A comment way above asked for this, but there wasn’t a response, I think, so let me restate this:

If implemented, and used in my project, how can I unit-test the expected lazy imports?

(That is, given import foo , foo.bar (reference) is lazy and not eager or resolved)

I don’t think there is a good way, and not just because referencing something reifies it. We could easily add a function that tries to “resolve” a reference as a string, but the fundamental problem is that modules are interpreter-global state, which is fundamentally problematic for a unit test. I’m not sure if there’s a good way to unit test this that doesn’t inherently rely on specific implementation details (like the tests in the prototype do).

An systems test shouldn’t be too hard, depending on the modules involved. Testing for the side-effects of the module, or checking if the module exists in sys.modules, or using the audit hook to verify the module isn’t loaded until later. If this is a common need we can add something to the unittest module (which, after all, isn’t really about unit tests anymore.)

1 Like

Would it work to access the __dict__ (won’t reify) and assert that you have a types.LazyImportType?

That will tell you if you have a lazy object, but not that you’ve avoided importing the module. Something else in your code can have caused the module to be reified (through a different lazy object), or maybe just caused the module to be import eagerly.

2 Likes

The way to do it is to import the module you’re investigating in a minimal script running in a Python subprocess. You pass a module name to the subprocess, it computes the difference between sys.modules.keys() before and after importing the module, and prints out a list in reply.

There’s a minor issue about debugging prints an warnings that can get mixed up with the output if you’re not careful, but that’s manageable. Or you could communicate the list using files or pipes or whatever to get around it completely. I never bothered.

Once you have the list of modules imported indirectly, then you can check that none of the expected lazy imports are on that list. Or you could just have the subprocess do a check of the names in __lazy_modules__, if that’s what you’re using.

1 Like

I’m wondering about how the migration to the lazy imports will look like in practice.

The proposal mentions __lazy_modules__, which will work for incrementally changing non-lazy imports to lazy ones, and thus profiting from the performance gains at least on newer Python versions.

However, most libraries most likely already implement some form of lazy-importing for expensive imports (say by just importing it in the methods that actually use the functionality, or by implementing a custom lazy_import function, …). How would the migration look in this case? You cannot really convert those to ordinary imports + __lazy_modules__ because that would introduce a performance penalty on older Python versions.

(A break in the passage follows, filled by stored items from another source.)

lemma gronwall_exp_bound:
  fixes g g' :: "real \<Rightarrow> real"
  assumes "a \<le> b"
    and deriv: "\<And>t. t \<in> {a..b} \<Longrightarrow> (g has_real_derivative g' t) (at t)"
    and pos: "\<And>t. t \<in> {a..b} \<Longrightarrow> g t > 0"
    and growth: "\<And>t. t \<in> {a..b} \<Longrightarrow> g' t \<le> M * g t"
  shows "g b \<le> exp (M * (b - a)) * g a"
proof (cases "a = b")
  case False
  then have "a < b"
    using \<open>a \<le> b\<close> by simp
  have "((\<lambda>t. ln (g t)) has_real_derivative g' t / g t) (at t)" if "a \<le> t" "t \<le> b" for t
    using that by (auto intro!: derivative_eq_intros deriv pos)
  then obtain z where z: "a < z" "z < b" and mvt: "ln (g b) - ln (g a) = (b - a) * (g' z / g z)"
    using MVT2[OF \<open>a < b\<close>, of "\<lambda>t. ln (g t)" "\<lambda>t. g' t / g t"] by blast
  have "g' z / g z \<le> M"
    using z growth[of z] pos[of z] by (simp add: divide_le_eq)
  then have "(b - a) * (g' z / g z) \<le> (b - a) * M"
    using \<open>a < b\<close> by (intro mult_left_mono) auto
  then have "ln (g b) \<le> ln (g a) + M * (b - a)"
    using mvt mult.commute[of M "b - a"] by linarith
  then have "exp (ln (g b)) \<le> exp (M * (b - a)) * exp (ln (g a))"
    by (simp add: mult_exp_exp add.commute)
  then show ?thesis
    using pos \<open>a \<le> b\<close> by simp
qed simp

lemma norm_le_twice_norm_add:
  fixes y z :: "'a::real_normed_vector"
  assumes "norm z \<le> norm y / 2"
  shows "norm y \<le> 2 * norm (y + z)"
  using assms norm_diff_ineq[of y z] by linarith

lemma norm_le_twice_along_segment:
  fixes T :: "real^3 \<Rightarrow> real^3" and A :: "real^'n^3"
  assumes "subspace V" and "linear T" and small: "frob_norm_on V (\<lambda>x. T x - x) \<le> 1/2"
    and cols: "\<And>j. column j A \<in> V" and t: "t \<in> {0..1}"
  shows "norm (A *v x) \<le> 2 * norm ((A + t *\<^sub>R ((matrix T - mat 1) ** A)) *v x)"
proof -
  define y where "y = A *v x"
  have "columns A \<subseteq> V"
    using cols by (auto simp: columns_def)
  then have "y \<in> V"
    unfolding y_def using matrix_vector_mult_in_columnspace span_minimal \<open>subspace V\<close> by blast
  have "linear (\<lambda>x. T x - x)"
    using \<open>linear T\<close> by (intro linear_compose_sub linear_ident)
  then have "norm (T y - y) \<le> frob_norm_on V (\<lambda>x. T x - x) * norm y"
    using norm_le_frob_norm_on \<open>subspace V\<close> \<open>y \<in> V\<close> by blast
  then have "norm (t *\<^sub>R (T y - y)) \<le> 1 * (frob_norm_on V (\<lambda>x. T x - x) * norm y)"
    using t mult_mono[of "\<bar>t\<bar>" 1 "norm (T y - y)"] by simp
  also have "\<dots> \<le> norm y / 2"
    using small mult_right_mono[OF small norm_ge_zero[of y]] by simp
  finally have "norm y \<le> 2 * norm (y + t *\<^sub>R (T y - y))"
    by (rule norm_le_twice_norm_add)
  moreover have "(A + t *\<^sub>R ((matrix T - mat 1) ** A)) *v x = y + t *\<^sub>R (T y - y)"
    using \<open>linear T\<close>
    by (simp add: y_def matrix_vector_mult_add_rdistrib matrix_vector_mult_diff_rdistrib
        scaleR_matrix_vector_assoc[symmetric] matrix_vector_mul_assoc[symmetric] matrix_works)
  ultimately show ?thesis
    by (simp add: y_def)
qed

locale stored_energy =
  fixes W :: "real^2^3 \<Rightarrow> real" and WF :: "real^2^3 \<Rightarrow> real^2^3" and K :: real
  assumes W_nonneg: "\<And>F. F \<in> Rplus32 \<Longrightarrow> W F \<ge> 0"
    and W_deriv: "\<And>F. F \<in> Rplus32 \<Longrightarrow> (W has_derivative (\<lambda>H. WF F \<bullet> H)) (at F)"
    and WF_bound: "\<And>F. F \<in> Rplus32 \<Longrightarrow> norm (WF F ** transpose F) \<le> K * (W F + 1)"
begin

Maybe it would be helpful to temporarily introduce a lazy_import method (in some additional python package) to facilitate such migration scenarios?

1 Like

The idiomatic way to do that, IMHO, is just to spawn a subprocess with your unit test.

1 Like

Perhaps they can stick to their own system, until the maximum version without lazy imports has reached EOL. That would generally mean, that if lazy imports were introduced in 3.15, they’ll have to wait for 3.14 to reach EOL status, and then switch from their own system to the newer one. That would ensure there being no syntax errors at all, which obviously is something desirable.

2 Likes